Michael Berenbaum's interpretation of "the presence of absence" adds another layer of meaning to the final scene of Roman Polanski's World War II German Holocaust film The Pianist (2002). In the movie's closing sequence, shortly after the end of the war Szpilman accompanies his friend to the site of a POW camp he passed through just a few weeks earlier. Even though only a short period of time has passed, no trace of the POW camp remains, with only a natural and nondescript green field of grass remaining. In disbelief Szpilman's friend murmurs, "It was here, I'm certain of it," but any evidence to support his claim has disappeared, mysteriously or not.
PJ Harvey also seems to touch on Derrida's theory of the absence of presence in the Let England Shake track "On Battleship Hill", covering another European site of destruction left behind after a World War. Visiting the now deserted battlefield, the thyme in PJ Harvey's song echoes Berenbaum's sentiment that if you sense something, you also sense "what's not there." Though a natural fragrant herb, traditionally thyme has been used to cover up and clear out the smell of death and decay. As travel writer Ross Davies found, during World War I thyme was even thrown in the trenches of Gallipoli, what Davies calls a "wild and lonely place" to visit even today.
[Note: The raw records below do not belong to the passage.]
lemma degree_add_edge:
  "degree V (add_edge E u v) x = degree V E x + (if x = u \<or> x = v then 1 else 0)"
proof -
  have fin: "finite (neighbours V E x)" using simple_graph_finite[OF sg] by simp
  show ?thesis
    unfolding degree_def neighbours_add_edge[OF u v uv]
    using fin uv non_edge not_edge_vu u v by (auto simp: card_insert_if)
qed

lemma sum_neighbours_add_edge:
  fixes f :: "'a \<Rightarrow> 'a \<Rightarrow> real"
  shows "(\<Sum>x\<in>V. \<Sum>y\<in>neighbours V (add_edge E u v) x. f x y)
       = (\<Sum>x\<in>V. \<Sum>y\<in>neighbours V E x. f x y) + f u v + f v u"
proof -
  have fin: "finite V" using simple_graph_finite[OF sg] .
  have "(\<Sum>y\<in>neighbours V (add_edge E u v) x. f x y)
      = (\<Sum>y\<in>neighbours V E x. f x y) + (if x = u then f u v else 0) + (if x = v then f v u else 0)" for x
    unfolding neighbours_add_edge[OF u v uv]
    using fin uv non_edge not_edge_vu by (auto simp: sum.union_disjoint)
  then show ?thesis using fin u v by (simp add: sum.distrib)
qed

definition endpoint_loss :: "'a \<Rightarrow> real" where
  "endpoint_loss x = (if x = u \<or> x = v then abc_loss (degree V E x) else 0)"

lemma abc_weight_add_edge_ge:
  assumes xy: "E x y"
  shows "abc_weight (degree V (add_edge E u v) x) (degree V (add_edge E u v) y)
    \<ge> abc_weight (degree V E x) (degree V E y) - (endpoint_loss x + endpoint_loss y)"
proof -
  let ?D = "\<lambda>x. real (degree V E x)" and ?D' = "\<lambda>x. real (degree V (add_edge E u v) x)"
  have one_end: "abc_weight (?D' x) (?D' y) \<ge> abc_weight (?D x) (?D y) - endpoint_loss x"
    if xy: "E x y" "y \<noteq> u" "y \<noteq> v" for x y
  proof (cases "x = u \<or> x = v")
    case True
    have "?D x \<ge> 1" "?D y \<ge> 1"
      using degree_pos[OF sg xy(1)] degree_pos[OF sg simple_graph_sym[OF sg xy(1)]] by simp_all
    then have "abc_weight (1 + ?D x) (?D y) \<ge> abc_weight (?D x) (?D y) - abc_loss (?D x)"
      using abc_weight_Suc_ge[of "?D x" "?D y"] by (simp add: add.commute)
    then show ?thesis using True xy unfolding endpoint_loss_def degree_add_edge by simp
  qed (use xy in \<open>simp add: endpoint_loss_def degree_add_edge\<close>)
  show ?thesis
  proof (cases "y = u \<or> y = v")
    case True
    then have "x \<noteq> u" "x \<noteq> v"
      using xy non_edge not_edge_vu simple_graph_irrefl[OF sg] by auto
    then show ?thesis
      using one_end[OF simple_graph_sym[OF sg xy]] by (simp add: abc_weight_commute endpoint_loss_def)
  next
    case False
    then show ?thesis using one_end[OF xy] by (simp add: endpoint_loss_def)
  qed
qed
In PJ Harvey's "On Battleship Hill" song lyrics, the herb's fragrant presence masks and distracts from the true essence of the scene, a No Man's Land of many casualties and deaths.
Sites of destruction are haunting specifically because as humans we feel as though there should be some eternal sign or even just a trace left behind to mark the scene with the wartime atrocities that at one time occurred there. Instead, it seems as though sites of destruction quickly revert back to an unheimlich wild state of nature, therein perhaps revealing their true identities more so than disguising themselves.